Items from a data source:
------------------------------------------------------------------------
text \<open>Eigenvectors for distinct eigenvalues of a symmetric matrix are orthogonal, hence
  independent, so there are at most finitely many eigenvalues.\<close>
lemma finite_eigenvalues_mat:
  fixes K :: "real^'n::finite^'n"
  assumes "transpose K = K"
  shows "finite (eigenvalues_mat K)"
proof -
  define E where "E = eigenvalues_mat K"
  define f where "f l = (SOME v. v \<noteq> 0 \<and> K *v v = l *\<^sub>R v)" for l
  have f: "f l \<noteq> 0 \<and> K *v f l = l *\<^sub>R f l" if "l \<in> E" for l
  proof -
    have "\<exists>v. v \<noteq> 0 \<and> K *v v = l *\<^sub>R v" using that by (simp add: E_def eigenvalues_mat_def)
    then show ?thesis unfolding f_def by (rule someI_ex)
  qed
  have inj: "inj_on f E"
  proof (rule inj_onI)
    fix a b assume a: "a \<in> E" and b: "b \<in> E" and e: "f a = f b"
    have "a *\<^sub>R f a = b *\<^sub>R f a" using f[OF a] f[OF b] e by metis
    then have "(a - b) *\<^sub>R f a = 0" by (simp add: scaleR_diff_left)
    then show "a = b" using f[OF a] by simp
  qed
  have "pairwise orthogonal (f ` E)"
    unfolding pairwise_def orthogonal_def
  proof (intro ballI impI)
    fix x y assume "x \<in> f ` E" "y \<in> f ` E" "x \<noteq> y"
    then obtain a b where a: "a \<in> E" "x = f a" and b: "b \<in> E" "y = f b" and "a \<noteq> b"
      by blast
    have "b * (x \<bullet> y) = a * (x \<bullet> y)"
      using inner_matrix_vector_symmetric[OF assms, of x y] f[OF a(1)] f[OF b(1)] a(2) b(2)
      by (simp add: inner_commute)
    then show "x \<bullet> y = 0" using \<open>a \<noteq> b\<close> by simp
  qed
  moreover have "0 \<notin> f ` E" using f by auto
  ultimately have "finite (f ` E)"
    by (intro independent_imp_finite pairwise_orthogonal_independent)
  then show ?thesis using inj finite_imageD unfolding E_def by blast
qed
------------------------------------------------------------------------
* Your objective
Could you transcribe the entries above word for word, from the line with "by (simp add: inner_commute)" down to the line with "by (intro independent_imp_finite", keeping both?

* Task response
      by (simp add: inner_commute)
    then show "x \<bullet> y = 0" using \<open>a \<noteq> b\<close> by simp
  qed
  moreover have "0 \<notin> f ` E" using f by auto
  ultimately have "finite (f ` E)"
    by (intro independent_imp_finite pairwise_orthogonal_independent)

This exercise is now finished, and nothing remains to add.